Conventional internal combustion engines use a camshaft-driven valvetrain to operate intake and exhaust valves that control the exchange of gases in the combustion chambers formed between the engine block and cylinder head.
Engines are often categorized by the location of the camshaft relative to the valves, with overhead cam valvetrains driven by a camshaft in the cylinder head over the valves and pushrod valvetrains or "cam-in-block" valvetrains having the camshaft located in the engine block with the valves operated using pushrods and rocker arms.

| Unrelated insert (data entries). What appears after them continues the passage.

lemma central_mod_if_commutes_with_letters:
  assumes letter: "\<And>v. c * word_poly [v] - word_poly [v] * c \<in> tsideal G"
  shows "central_mod (tsideal G) c"
proof -
  have word: "c * word_poly w - word_poly w * c \<in> tsideal G" for w
  proof (induction w)
    case Nil
    then show ?case by (simp add: word_poly_Nil tsideal.zero)
  next
    case (Cons v w)
    have "c * word_poly (v # w) - word_poly (v # w) * c
        = (c * word_poly [v] - word_poly [v] * c) * word_poly w
          + word_poly [v] * (c * word_poly w - word_poly w * c)"
      using word_poly_append[of "[v]" w] by (simp add: algebra_simps)
    then show ?case
      using Cons letter by (simp add: tsideal.add tsideal_mult_left tsideal_mult_right)
  qed
  show ?thesis unfolding central_mod_def
  proof
    fix p
    show "c * p - p * c \<in> tsideal G"
    proof (induction p rule: fralg_induct)
      case (add_monomial p d w)
      have "c * (p + scal d * word_poly w) - (p + scal d * word_poly w) * c
          = (c * p - p * c) + scal d * (c * word_poly w - word_poly w * c)"
      proof -
        have "c * (scal d * word_poly w) = scal d * c * word_poly w"
          by (metis mult.assoc scal_commute)
        then show ?thesis by (simp add: algebra_simps)
      qed
      then show ?case
        using add_monomial word by (simp add: tsideal.add tsideal_mult_left)
    qed (simp add: tsideal.zero)
  qed
qed

section \<open>Words in three letters\<close>

definition alt :: "var \<Rightarrow> var \<Rightarrow> nat \<Rightarrow> var list" where
  "alt a b k = concat (replicate k [a, b])"

lemma alt_0 [simp]: "alt a b 0 = []"
  by (simp add: alt_def)

lemma alt_Suc: "alt a b (Suc k) = a # b # alt a b k"
  by (simp add: alt_def)

lemma alt_Suc_right: "alt a b (Suc k) = alt a b k @ [a, b]"
  by (induction k) (simp_all add: alt_Suc)

lemma Cons_alt: "a # alt b a k = alt a b k @ [a]"
  by (induction k) (simp_all add: alt_Suc)

lemma length_alt [simp]: "length (alt a b k) = 2 * k"
  by (induction k) (simp_all add: alt_Suc)

lemma alt_add: "alt a b (k + m) = alt a b k @ alt a b m"
  by (induction k) (simp_all add: alt_Suc)

definition pivoted :: "var \<Rightarrow> var list \<Rightarrow> var list" where
  "pivoted b qs = concat (map (\<lambda>q. [q, b]) qs)"

lemma pivoted_Nil [simp]: "pivoted b [] = []"
  and pivoted_Cons [simp]: "pivoted b (q # qs) = q # b # pivoted b qs"
  and pivoted_append: "pivoted b (qs @ rs) = pivoted b qs @ pivoted b rs"
  by (simp_all add: pivoted_def)

lemma length_pivoted [simp]: "length (pivoted b qs) = 2 * length qs"
  by (induction qs) simp_all

fun has_pivot :: "var \<Rightarrow> var list \<Rightarrow> bool" where
  "has_pivot b (x # y # r) \<longleftrightarrow> (x = b \<or> y = b) \<and> has_pivot b (y # r)"
| "has_pivot b _ \<longleftrightarrow> True"

definition sandwich :: "var list \<Rightarrow> bool" where
  "sandwich w \<longleftrightarrow> (\<exists>u a b c k v. distinct [a, b, c] \<and> w = u @ a # alt b c k @ a # v)"

lemma var_third: "(a :: var) \<noteq> b \<Longrightarrow> \<exists>c. distinct [a, b, c] \<and> (\<forall>v. v = a \<or> v = b \<or> v = c)"
  by (cases a; cases b) (auto intro: var.exhaust)

lemma sandwich_append:
  assumes "sandwich w"
  shows "sandwich (u @ w @ v)"
proof -
  obtain u' a b c k v' where "distinct [a, b, c]" and "w = u' @ a # alt b c k @ a # v'"
    using assms unfolding sandwich_def by blast
  then have "distinct [a, b, c] \<and> u @ w @ v = (u @ u') @ a # alt b c k @ a # (v' @ v)"
    by simp
  then show ?thesis unfolding sandwich_def by blast
qed

lemma sandwich_square: "sandwich (u @ [a, a] @ v)"
proof -
  obtain b where "b \<noteq> a" by (metis var.distinct(1) var.distinct(3))
  then obtain c where "distinct [a, b, c]" using var_third[of a b] by auto
  moreover have "u @ [a, a] @ v = u @ a # alt b c 0 @ a # v"
    by simp
  ultimately show ?thesis unfolding sandwich_def by blast
qed

lemma sandwich_pivoted:
  assumes "b \<in> set qs"
  shows "sandwich (pivoted b qs)"
proof -
  obtain qs1 qs2 where "qs = qs1 @ b # qs2"
    using assms by (meson split_list)
  then show ?thesis
    using sandwich_square[of "pivoted b qs1" b "pivoted b qs2"] by (simp add: pivoted_append)
qed

lemma sandwich_or_pivot_step:
  assumes "distinct [x, y, b]"
  shows "has_pivot b (y # r) \<Longrightarrow> sandwich (x # alt y b k @ y # r) \<or> has_pivot y (y # r)"
proof (induction r arbitrary: k rule: induct_list012)
  case (3 z q r)
  then have z: "z = b" and pivot: "has_pivot b (q # r)"
    using assms by auto
  consider "q = b" | "q = y" | "q = x"
    using assms by (cases q; cases x; cases y; cases b) auto
  then show ?case
  proof cases
    case 1
    then show ?thesis
      using sandwich_square[of "x # alt y b k @ [y]" b r] z by simp
  next
    case 2
    then show ?thesis
      using "3.IH"(1)[of "Suc k"] pivot z by (auto simp: alt_Suc_right)
  next
    case 3
    have "x # alt y b (Suc k) @ x # r = [] @ x # alt y b (Suc k) @ x # r"
      by simp
    then have "sandwich (x # alt y b (Suc k) @ x # r)"
      unfolding sandwich_def using assms by blast
    then show ?thesis using 3 z by (simp add: alt_Suc_right)
  qed
qed simp_all

lemma sandwich_or_pivot: "sandwich w \<or> (\<exists>b. has_pivot b w)"
proof (induction w)
  case (Cons x w)
  show ?case
  proof (cases "sandwich w")
    case True
    then show ?thesis using sandwich_append[of w "[x]" "[]"] by auto
  next
    case False
    with Cons.IH obtain b where pivot: "has_pivot b w" by blast
    show ?thesis
    proof (cases w)
      case (Cons y r)
      consider "x = b \<or> y = b" | "x = y" | "distinct [x, y, b]"
        by auto
      then show ?thesis
      proof cases
        case 1
        then show ?thesis using pivot Cons by auto
      next
        case 2
        then show ?thesis using sandwich_square[of "[]" x r] Cons by auto
      next
        case 3
        then show ?thesis using sandwich_or_pivot_step[of x y b r 0] pivot Cons by auto
      qed
    qed auto
  qed
qed simp

definition pivot_decomposable :: "var \<Rightarrow> var list \<Rightarrow> bool" where
  "pivot_decomposable b w \<longleftrightarrow>
     (\<exists>u qs v. w = u @ pivoted b qs @ v \<and> u \<in> {[], [b]} \<and> length v \<le> 1)"

lemma pivot_decomposableI:
  "u \<in> {[], [b]} \<Longrightarrow> length v \<le> 1 \<Longrightarrow> pivot_decomposable b (u @ pivoted b qs @ v)"
  unfolding pivot_decomposable_def by blast

lemma has_pivot_decomposable: "has_pivot b w \<Longrightarrow> \<not> sandwich w \<Longrightarrow> pivot_decomposable b w"
proof (induction w rule: induct_list012)
  case 1
  then show ?case using pivot_decomposableI[of "[]" b "[]" "[]"] by simp
next
  case (2 x)
  then show ?case using pivot_decomposableI[of "[]" b "[x]" "[]"] by simp
next
  case (3 x y r)
  have no_square: "x # y # r \<noteq> u @ [a, a] @ v" for u a v
    using "3.prems"(2) sandwich_square[of u a v] by auto
  have "\<not> sandwich (y # r)"
    using "3.prems"(2) sandwich_append[of "y # r" "[x]" "[]"] by auto
  with "3.prems"(1) obtain u qs v where
    yr: "y # r = u @ pivoted b qs @ v" and u: "u \<in> {[], [b]}" and v: "length v \<le> 1"
    using "3.IH"(2) unfolding pivot_decomposable_def by auto
  show ?case
  proof (cases "x = b")
    case True
    then have "y \<noteq> b" using no_square[of "[]" b r] by auto
    then have "u = []" using u yr by auto
    then show ?thesis using pivot_decomposableI[of "[b]" b v qs] yr True v by simp
  next
    case False
    then have y: "y = b" using "3.prems"(1) by simp
    consider "u = [b]" | "u = []" "qs = []" | q qs' where "u = []" "qs = q # qs'"
      using u by (cases qs) auto
    then show ?thesis
    proof cases
      case 1
      then show ?thesis using pivot_decomposableI[of "[]" b v "x # qs"] yr y v by simp
    next
      case 2
      then have "r = []" using yr v by (cases v) auto
      then show ?thesis using pivot_decomposableI[of "[]" b "[]" "[x]"] y by simp
    next
      case 3
      then show ?thesis using yr y no_square[of "[x]" b "pivoted b qs' @ v"] by simp
    qed
  qed
qed

lemma count_list_two_letters:
  "set qs \<subseteq> {a, c} \<Longrightarrow> a \<noteq> c \<Longrightarrow> count_list qs a + count_list qs c = length qs"
  by (induction qs) auto

section \<open>The relations of M_t acting on words\<close>

definition perm_sum :: "complex \<Rightarrow> complex \<Rightarrow> complex \<Rightarrow> complex \<Rightarrow> complex \<Rightarrow> complex \<Rightarrow> fralg" where
  "perm_sum c1 c2 c3 c4 c5 c6 =
     Poly_Mapping.single (Word [Z,X,Y]) c1 + Poly_Mapping.single (Word [X,Y,Z]) c2
     + Poly_Mapping.single (Word [Y,Z,X]) c3 + Poly_Mapping.single (Word [Y,X,Z]) c4
     + Poly_Mapping.single (Word [Z,Y,X]) c5 + Poly_Mapping.single (Word [X,Z,Y]) c6"

lemma perm_sum_add:
  "perm_sum a1 a2 a3 a4 a5 a6 + perm_sum b1 b2 b3 b4 b5 b6
     = perm_sum (a1 + b1) (a2 + b2) (a3 + b3) (a4 + b4) (a5 + b5) (a6 + b6)"
  by (simp add: perm_sum_def single_add ac_simps)

lemma scal_mult_perm_sum:
  "scal k * perm_sum a1 a2 a3 a4 a5 a6 = perm_sum (k * a1) (k * a2) (k * a3) (k * a4) (k * a5) (k * a6)"
  by (simp add: perm_sum_def distrib_left scal_mult_single)

lemma rel1_perm_sum: "rel1 \<omega> t = perm_sum 1 \<omega> (\<omega>^2) t (t * \<omega>) (t * \<omega>^2)"
  and rel2_perm_sum: "rel2 \<omega> t = perm_sum 1 (\<omega>^2) \<omega> t (t * \<omega>^2) (t * \<omega>)"
  and gt_perm_sum: "gt t = perm_sum 1 1 1 t t t"
  by (simp_all add: rel1_def rel2_def gt_def perm_sum_def gx_def gy_def gz_def scal_def
      mult_single distrib_left ac_simps)

locale Mt_root_of_unity =
  fixes \<omega> t :: complex and n :: nat
  assumes omega_cube: "\<omega> ^ 3 = 1" and omega_ne_one: "\<omega> \<noteq> 1" and t_nonzero: "t \<noteq> 0"
    and n_pos: "n \<ge> 1" and minus_t_root: "(- t) ^ n = 1"
begin

abbreviation I :: "fralg set" where "I \<equiv> Mt_ideal \<omega> t"

lemma omega_sum: "1 + \<omega> + \<omega>^2 = 0"
proof -
  have "(\<omega> - 1) * (1 + \<omega> + \<omega>^2) = \<omega>^3 - 1"
    by (simp add: algebra_simps power2_eq_square power3_eq_cube)
  then show ?thesis using omega_cube omega_ne_one by simp
qed
lemma orthogonal_to_independent_imp_zero:
  fixes p q x :: complex
  assumes "Re (p * cnj x) = 0" "Re (q * cnj x) = 0" "Im (cnj p * q) \<noteq> 0"
  shows "x = 0"
proof -
  have eqs: "Re p * Re x + Im p * Im x = 0" "Re q * Re x + Im q * Im x = 0"
    using assms(1,2) by simp_all
  have det: "Re p * Im q - Im p * Re q \<noteq> 0"
    using assms(3) by (simp add: algebra_simps)
  have "Re x * (Re p * Im q - Im p * Re q)
      = Im q * (Re p * Re x + Im p * Im x) - Im p * (Re q * Re x + Im q * Im x)"
    "Im x * (Re p * Im q - Im p * Re q)
      = Re p * (Re q * Re x + Im q * Im x) - Re q * (Re p * Re x + Im p * Im x)"
    by (simp_all add: algebra_simps)
  then have "Re x * (Re p * Im q - Im p * Re q) = 0" "Im x * (Re p * Im q - Im p * Re q) = 0"
    unfolding eqs by simp_all
  then show ?thesis
    using det by (simp add: complex_eq_iff)
qed

lemma mult_cnj_eq_imp_norm_eq:
  fixes z w :: complex
  assumes "z * cnj z = w * cnj w"
  shows "cmod z = cmod w"
proof -
  have "(cmod z)\<^sup>2 = (cmod w)\<^sup>2"
    using assms unfolding complex_norm_square[symmetric] of_real_eq_iff .
  then show ?thesis
    by (simp add: power2_eq_iff_nonneg)
qed

lemma has_vector_derivative_mult_cnj:
  fixes f :: "real \<Rightarrow> complex"
  assumes "(f has_vector_derivative f') (at t)"
  shows "((\<lambda>\<tau>. f \<tau> * cnj (f \<tau>)) has_vector_derivative f t * cnj f' + f' * cnj (f t)) (at t)"
  using has_vector_derivative_mult[OF assms has_vector_derivative_cnj[OF assms]] by simp
(* Let $\mathcal{F}$ be a vector space over a field $K$, let $T \colon \mathcal{F} \to \mathcal{F}$ be a surjective linear map, let $\mathcal{B} \leq \mathcal{F}^*$ be a finite-dimensional subspace of the dual space, and let $\mathcal{E} \leq \mathcal{F}$ be a subspace. Let $G \colon \mathcal{F} \to \mathcal{F}$ be any linear right inverse of $T$ (i.e. $TG = 1$). Then $$T(\mathcal{B}^{\perp})^{\perp} = G^*\bigl(\mathcal{B} \cap (\operatorname{Ker} T)^{\perp}\bigr).$$ Moreover, $\dim T(\mathcal{B}^{\perp})^{\perp} = \dim \mathcal{E}'$ for every subspace $\mathcal{E}' \leq \mathcal{F}$ with $\mathcal{F} = T(\mathcal{B}^{\perp}) \dotplus \mathcal{E}'$ (direct sum).
   Context: $\mathcal{F}^*$ denotes the algebraic dual of $\mathcal{F}$. For $U \leq \mathcal{F}$, $U^{\perp} = \{\beta \in \mathcal{F}^* : \beta(u) = 0 \text{ for all } u \in U\}$; for $\mathcal{B} \leq \mathcal{F}^*$, $\mathcal{B}^{\perp} = \{v \in \mathcal{F} : \beta(v) = 0 \text{ for all } \beta \in \mathcal{B}\}$. For a linear map $S\colon \mathcal{F} \to \mathcal{F}$, the transpose $S^* \colon \mathcal{F}^* \to \mathcal{F}^*$ is $\gamma \mapsto \gamma \circ S$. The triple $(T, \mathcal{B}, \mathcal{E})$ is called a generalized boundary problem. *)

theory Defs
  imports Complex_Main "HOL-Library.Function_Algebras"
begin

definition dual_scale :: "'k::field \<Rightarrow> ('v \<Rightarrow> 'k) \<Rightarrow> ('v \<Rightarrow> 'k)" where
  "dual_scale c f = (\<lambda>x. c * f x)"

definition algdual :: "('k::field \<Rightarrow> 'v::ab_group_add \<Rightarrow> 'v) \<Rightarrow> ('v \<Rightarrow> 'k) set" where
  "algdual scale = {f. Vector_Spaces.linear scale (*) f}"

definition annih :: "('k::field \<Rightarrow> 'v::ab_group_add \<Rightarrow> 'v) \<Rightarrow> 'v set \<Rightarrow> ('v \<Rightarrow> 'k) set" where
  "annih scale U = {\<beta> \<in> algdual scale. \<forall>u\<in>U. \<beta> u = 0}"

definition preannih :: "('v \<Rightarrow> 'k::zero) set \<Rightarrow> 'v set" where
  "preannih Bs = {v. \<forall>\<beta>\<in>Bs. \<beta> v = 0}"

definition fin_dim :: "('k::field \<Rightarrow> 'b::ab_group_add \<Rightarrow> 'b) \<Rightarrow> 'b set \<Rightarrow> bool" where
  "fin_dim s V \<longleftrightarrow> (\<exists>S. finite S \<and> module.span s S = V)"

end

theory Submission
  imports Defs
begin

text \<open>If \<open>\<beta>\<close> annihilates \<open>T(B\<^sup>\<perp>)\<close>, then \<open>\<beta> \<circ> T\<close> vanishes on \<open>B\<^sup>\<perp>\<close> and on \<open>Ker T\<close>; a functional
  vanishing on the common kernel of the finite-dimensional \<open>B\<close> lies in \<open>B\<close>, and \<open>TG = 1\<close> gives
  \<open>\<beta> = (\<beta> \<circ> T) \<circ> G\<close>. Conversely, for \<open>\<gamma> \<in> B\<close> vanishing on \<open>Ker T\<close>, \<open>\<gamma> \<circ> G\<close> kills \<open>T v\<close> for
  \<open>v \<in> B\<^sup>\<perp>\<close> because \<open>G (T v) - v \<in> Ker T\<close>. Hence the annihilator of \<open>W = T(B\<^sup>\<perp>)\<close> lies in a finite
  span. Given a complement \<open>E'\<close> of \<open>W\<close>, composing the coordinate functionals of a basis of \<open>E'\<close>
  with the projection onto \<open>E'\<close> along \<open>W\<close> yields a basis of that annihilator indexed by the
  basis of \<open>E'\<close>; finiteness of the annihilator forces the basis of \<open>E'\<close> to be finite.\<close>

lemma vector_space_mult: "vector_space ((*) :: 'k::field \<Rightarrow> 'k \<Rightarrow> 'k)"
  by unfold_locales (auto simp: algebra_simps)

Current four-valve-per-cylinder pushrod engines include two intake valves and two exhaust valves for each cylinder, each pair of valves is operated in tandem by a bridged valvetrain that includes a camshaft-driven cam follower (also referred to as a tappet or lifter) connected by a single pushrod to a rocker arm that drives a bridge coupled to the pair of valves (intake or exhaust). This bridged valvetrain is a cost-efficient design that achieves acceptable performance for many applications, although operation of the two bridged valves is not precisely synchronized because the force exerted on the bridge can not be perfectly balanced between the valves, the valves may have slightly different spring forces and the valve components may experience slightly different wear. This may result in one valve opening late and/or one valve may seat first while closing causing the other valve to seat late with a higher than intended velocity.
In addition, valve stem tips are edge loaded by the bridge with higher stresses resulting in higher rates of wear and potential noise, vibration and harshness (NVH) concerns.
While single overhead cam (SOHC) and dual overhead cam (DOHC) systems have independently controlled valves to address some of these issues, the SOHC and DOHC systems are significantly more expensive and have large package width relative to a cam-in-block design.
To provide various advantages over conventional pushrod, SOHC and DOHC engines, an engine and valvetrain having dual pushrod lifters and independent lash adjustment has been developed as described in commonly owned U.S. Patent publication US2007119397 filed November 30, 2005.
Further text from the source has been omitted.